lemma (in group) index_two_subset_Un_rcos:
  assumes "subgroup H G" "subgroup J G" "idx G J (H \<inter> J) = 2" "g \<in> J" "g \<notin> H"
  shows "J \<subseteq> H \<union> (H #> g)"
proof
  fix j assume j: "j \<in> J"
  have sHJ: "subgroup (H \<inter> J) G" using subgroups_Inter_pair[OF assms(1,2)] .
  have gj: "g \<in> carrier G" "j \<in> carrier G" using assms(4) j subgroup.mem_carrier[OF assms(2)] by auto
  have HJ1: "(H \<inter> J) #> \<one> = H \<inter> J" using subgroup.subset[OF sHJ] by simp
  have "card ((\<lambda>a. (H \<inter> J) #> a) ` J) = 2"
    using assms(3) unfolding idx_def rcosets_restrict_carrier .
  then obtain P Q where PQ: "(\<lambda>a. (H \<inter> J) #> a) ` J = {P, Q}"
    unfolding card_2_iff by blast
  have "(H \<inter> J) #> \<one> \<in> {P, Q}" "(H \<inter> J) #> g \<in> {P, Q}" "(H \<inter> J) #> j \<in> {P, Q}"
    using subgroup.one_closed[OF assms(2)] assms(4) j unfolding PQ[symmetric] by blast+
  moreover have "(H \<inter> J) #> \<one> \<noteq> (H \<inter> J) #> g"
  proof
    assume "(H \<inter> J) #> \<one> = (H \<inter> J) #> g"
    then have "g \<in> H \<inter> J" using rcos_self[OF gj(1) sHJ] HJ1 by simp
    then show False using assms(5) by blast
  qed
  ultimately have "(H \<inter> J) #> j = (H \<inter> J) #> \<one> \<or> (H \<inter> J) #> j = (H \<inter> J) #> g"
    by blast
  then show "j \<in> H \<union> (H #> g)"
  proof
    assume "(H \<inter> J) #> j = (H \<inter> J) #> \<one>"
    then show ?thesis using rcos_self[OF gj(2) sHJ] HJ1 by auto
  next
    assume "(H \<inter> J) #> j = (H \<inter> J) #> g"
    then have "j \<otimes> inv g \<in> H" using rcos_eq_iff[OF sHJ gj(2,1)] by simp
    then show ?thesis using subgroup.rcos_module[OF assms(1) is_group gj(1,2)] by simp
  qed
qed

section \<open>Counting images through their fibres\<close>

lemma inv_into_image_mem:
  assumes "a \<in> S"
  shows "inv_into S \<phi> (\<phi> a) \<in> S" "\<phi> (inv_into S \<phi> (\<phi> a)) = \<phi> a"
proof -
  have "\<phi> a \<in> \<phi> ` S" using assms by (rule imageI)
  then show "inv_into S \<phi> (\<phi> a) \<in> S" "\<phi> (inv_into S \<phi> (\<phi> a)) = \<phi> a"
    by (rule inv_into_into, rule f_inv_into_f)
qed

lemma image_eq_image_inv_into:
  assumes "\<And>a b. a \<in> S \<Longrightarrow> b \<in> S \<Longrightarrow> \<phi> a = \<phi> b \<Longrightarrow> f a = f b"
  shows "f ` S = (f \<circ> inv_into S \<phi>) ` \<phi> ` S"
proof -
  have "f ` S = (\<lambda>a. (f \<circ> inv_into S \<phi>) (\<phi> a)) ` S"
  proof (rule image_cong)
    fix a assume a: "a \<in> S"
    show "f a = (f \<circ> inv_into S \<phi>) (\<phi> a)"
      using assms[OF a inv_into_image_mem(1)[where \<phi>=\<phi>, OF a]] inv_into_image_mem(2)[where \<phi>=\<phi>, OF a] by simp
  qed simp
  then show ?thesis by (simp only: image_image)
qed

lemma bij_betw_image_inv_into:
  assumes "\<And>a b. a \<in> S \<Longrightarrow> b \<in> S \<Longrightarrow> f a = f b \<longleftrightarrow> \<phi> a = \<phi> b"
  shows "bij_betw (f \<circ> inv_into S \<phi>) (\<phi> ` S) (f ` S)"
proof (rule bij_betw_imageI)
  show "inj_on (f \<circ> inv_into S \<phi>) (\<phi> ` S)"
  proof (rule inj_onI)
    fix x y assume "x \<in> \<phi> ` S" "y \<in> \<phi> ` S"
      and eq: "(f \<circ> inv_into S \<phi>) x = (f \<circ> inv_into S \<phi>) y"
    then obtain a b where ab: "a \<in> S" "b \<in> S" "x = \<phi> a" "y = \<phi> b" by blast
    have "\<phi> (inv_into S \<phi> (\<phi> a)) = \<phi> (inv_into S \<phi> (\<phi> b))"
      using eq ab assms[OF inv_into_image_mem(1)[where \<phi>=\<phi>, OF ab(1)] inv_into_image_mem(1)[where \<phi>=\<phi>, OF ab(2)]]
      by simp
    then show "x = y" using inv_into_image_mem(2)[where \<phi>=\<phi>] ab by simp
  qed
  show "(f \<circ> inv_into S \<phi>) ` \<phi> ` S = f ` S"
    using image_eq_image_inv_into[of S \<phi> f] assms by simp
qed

#### What is being asked
Filter the entries above and keep only the lines with the word "Longrightarrow".

#### Written response
  assumes "\<And>a b. a \<in> S \<Longrightarrow> b \<in> S \<Longrightarrow> \<phi> a = \<phi> b \<Longrightarrow> f a = f b"
  assumes "\<And>a b. a \<in> S \<Longrightarrow> b \<in> S \<Longrightarrow> f a = f b \<longleftrightarrow> \<phi> a = \<phi> b"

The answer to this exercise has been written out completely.